» AVAILABLE RECORDS
# # # # # # #

text \<open>Everything comes from averaging over the circle. Since \<open>\<alpha>\<close> is continuous and
  periodic, the family \<open>\<alpha>\<^sub>t\<close> is equicontinuous, so by completeness the Riemann integrals
  \<open>P x = \<integral>\<^sub>0\<^sup>1 \<alpha>\<^sub>t x dt\<close> and \<open>J x = \<integral>\<^sub>0\<^sup>1 t \<alpha>\<^sub>t x dt\<close> exist and are continuous linear maps.
  \<open>P\<close> is invariant under the action, so \<open>D P = 0\<close> and \<open>P D = 0\<close>, while integration by
  parts gives \<open>D J = id - P\<close>. Hence \<open>range D = ker P\<close> is closed, \<open>J\<close> is a continuous
  right inverse of \<open>D\<close> on \<open>range D\<close>, and \<open>P\<close> factors through a continuous linear
  section of \<open>g \<rightarrow> Coker D\<close>.\<close>

section \<open>Topologies defined by seminorms\<close>

definition seq_limit :: "(nat \<Rightarrow> 'a::topological_space) \<Rightarrow> 'a" where
  "seq_limit u = (THE l. u \<longlonglongrightarrow> l)"

locale seminorm_topology =
  fixes cs :: "complex \<Rightarrow> 'a::{real_vector,topological_space} \<Rightarrow> 'a"
    and P :: "('a \<Rightarrow> real) set"
  assumes cvs: "cvs_structure cs" and locally_convex: "locally_convex cs P"
begin
(* For any $C\ge2$ and any $\eta\ge2$, there exists a forward-KL-regularized linear bandit instance (of dimension $2$) such that $C^{\pi^*}\ge C/2$ and $D^2_{\pi^*}=\Theta(1)$.
   Context: A forward-KL-regularized linear bandit instance (single context) consists of a finite action set $\mathcal A$, a feature map $\phi:\mathcal A\to\mathbb R^d$, a parameter set $\Theta\subset\mathbb R^d$ defining $\mathcal F=\{a\mapsto\langle\theta,\phi(a)\rangle:\theta\in\Theta\}$, a true parameter $\theta^*\in\Theta$ with $r(a)=\langle\theta^*,\phi(a)\rangle\in[0,1]$, a full-support reference policy $\pi^{\mathrm{ref}}\in\Delta(\mathcal A)$, and $\eta>0$. $\pi^*=\arg\max_{\pi\in\Delta(\mathcal A)}\sum_a r(a)\pi(a)-\eta^{-1}\mathrm{KL}(\pi^{\mathrm{ref}}\|\pi)$; $C^{\pi^*}=\max_a\pi^*(a)/\pi^{\mathrm{ref}}(a)$; $D^2(a)=\sup_{g,h\in\mathcal F}\frac{(g(a)-h(a))^2}{\mathbb E_{a'\sim\pi^{\mathrm{ref}}}[(g(a')-h(a'))^2]}$; $D^2_{\pi^*}=\mathbb E_{a\sim\pi^*}D^2(a)$. $\Theta(1)$ means bounded above and below by absolute positive constants. *)

theory Defs
  imports "HOL-Analysis.Analysis"
begin

definition pol_simplex :: "nat set \<Rightarrow> (nat \<Rightarrow> real) set" where
  "pol_simplex A = {\<pi>. (\<forall>a\<in>A. 0 \<le> \<pi> a) \<and> (\<forall>a. a \<notin> A \<longrightarrow> \<pi> a = 0) \<and> sum \<pi> A = 1}"

definition fkl :: "nat set \<Rightarrow> (nat \<Rightarrow> real) \<Rightarrow> (nat \<Rightarrow> real) \<Rightarrow> ereal" where
  "fkl A p q = (if \<exists>a\<in>A. 0 < p a \<and> q a = 0 then \<infinity>
      else ereal (\<Sum>a\<in>A. if p a = 0 then 0 else p a * ln (p a / q a)))"

definition reg_obj :: "nat set \<Rightarrow> (nat \<Rightarrow> real) \<Rightarrow> (nat \<Rightarrow> real) \<Rightarrow> real \<Rightarrow> (nat \<Rightarrow> real) \<Rightarrow> ereal" where
  "reg_obj A r piref \<eta> \<pi> = ereal (\<Sum>a\<in>A. r a * \<pi> a) - ereal (1 / \<eta>) * fkl A piref \<pi>"

definition opt_policy :: "nat set \<Rightarrow> (nat \<Rightarrow> real) \<Rightarrow> (nat \<Rightarrow> real) \<Rightarrow> real \<Rightarrow> (nat \<Rightarrow> real)" where
  "opt_policy A r piref \<eta> = (THE \<pi>. \<pi> \<in> pol_simplex A \<and>
      (\<forall>\<pi>'\<in>pol_simplex A. reg_obj A r piref \<eta> \<pi>' \<le> reg_obj A r piref \<eta> \<pi>))"

definition coverage :: "nat set \<Rightarrow> (nat \<Rightarrow> real) \<Rightarrow> (nat \<Rightarrow> real) \<Rightarrow> real" where
  "coverage A piref \<pi> = Max ((\<lambda>a. \<pi> a / piref a) ` A)"

text \<open>D^2(a) for the linear class F = {a. <theta, phi a> : theta in Theta}.\<close>

definition Dsq :: "nat set \<Rightarrow> (nat \<Rightarrow> real^2) \<Rightarrow> (real^2) set \<Rightarrow> (nat \<Rightarrow> real) \<Rightarrow> nat \<Rightarrow> ereal" where
  "Dsq A \<phi> \<Theta> piref a = (SUP p\<in>\<Theta> \<times> \<Theta>.
      ereal ((fst p \<bullet> \<phi> a - snd p \<bullet> \<phi> a)\<^sup>2 /
             (\<Sum>a'\<in>A. piref a' * (fst p \<bullet> \<phi> a' - snd p \<bullet> \<phi> a')\<^sup>2)))"

definition Dsq_pol :: "nat set \<Rightarrow> (nat \<Rightarrow> real^2) \<Rightarrow> (real^2) set \<Rightarrow> (nat \<Rightarrow> real) \<Rightarrow> (nat \<Rightarrow> real) \<Rightarrow> ereal" where
  "Dsq_pol A \<phi> \<Theta> piref \<pi> = (\<Sum>a\<in>A. ereal (\<pi> a) * Dsq A \<phi> \<Theta> piref a)"

definition fkl_lin_bandit :: "nat set \<Rightarrow> (nat \<Rightarrow> real^2) \<Rightarrow> (real^2) set \<Rightarrow> real^2 \<Rightarrow> (nat \<Rightarrow> real) \<Rightarrow> real \<Rightarrow> bool" where
  "fkl_lin_bandit A \<phi> \<Theta> \<theta> piref \<eta> \<longleftrightarrow>
     finite A \<and> A \<noteq> {} \<and> \<theta> \<in> \<Theta> \<and>
     (\<forall>a\<in>A. 0 \<le> \<theta> \<bullet> \<phi> a \<and> \<theta> \<bullet> \<phi> a \<le> 1) \<and>
     (\<forall>a\<in>A. 0 < piref a) \<and> sum piref A = 1 \<and> 0 < \<eta>"

end

theory Submission
  imports Defs
begin

text \<open>Two actions with rewards 1 and 0, features \<open>\<phi> 0 = (1, 1)\<close>, \<open>\<phi> 1 = (0, 1)\<close> and
  parameters \<open>(1, 0)\<close>, \<open>(1, 1)\<close>. The two parameters differ by \<open>(0, 1)\<close>, which pairs to 1
  with every feature, so every difference of two functions in \<open>F\<close> is constant on the actions:
  then \<open>D\<^sup>2(a) = 1\<close> for every action and \<open>D\<^sup>2\<^sub>\<pi> = 1\<close> for every policy.
  The forward-KL objective is strictly concave in \<open>\<pi>\<close> (through \<open>\<Sum>a. piref(a) ln \<pi>(a)\<close>), so the
  optimal policy is the unique full-support policy satisfying the first-order condition
  \<open>r(a) + piref(a) / (\<eta> \<pi>(a)) = L\<close>; the reference policy is chosen so that this condition
  holds with \<open>\<pi>(0) = C piref(0)\<close>, which gives coverage \<open>C\<close>.\<close>

lemma fkl_eq_sum_ln:
  assumes "\<forall>a\<in>A. 0 < p a" and "\<forall>a\<in>A. 0 < q a"
  shows "fkl A p q = ereal (\<Sum>a\<in>A. p a * (ln (p a) - ln (q a)))"
  using assms unfolding fkl_def by (auto intro!: sum.cong simp: ln_div)

lemma fkl_eq_infinity:
  assumes "a \<in> A" and "0 < p a" and "q a = 0"
  shows "fkl A p q = \<infinity>"
  using assms unfolding fkl_def by auto

lemma reg_obj_eq_full_support:
  assumes "\<forall>a\<in>A. 0 < piref a" and "\<forall>a\<in>A. 0 < \<pi> a"
  shows "reg_obj A r piref \<eta> \<pi> =
    ereal ((\<Sum>a\<in>A. r a * \<pi> a) - (\<Sum>a\<in>A. piref a * (ln (piref a) - ln (\<pi> a))) / \<eta>)"
  unfolding reg_obj_def fkl_eq_sum_ln[OF assms] by simp

lemma reg_obj_eq_minus_infinity:
  assumes "a \<in> A" and "0 < piref a" and "\<pi> a = 0" and "0 < \<eta>"
  shows "reg_obj A r piref \<eta> \<pi> = - \<infinity>"
  unfolding reg_obj_def fkl_eq_infinity[of a A piref \<pi>, OF assms(1-3)] using assms(4) by simp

# # # # # # #

» WHAT YOU HAVE TO DO
Where a line of the listing includes the word "assumes", it counts; say how many such lines there are and nothing more.

» EXERCISE RESPONSE
5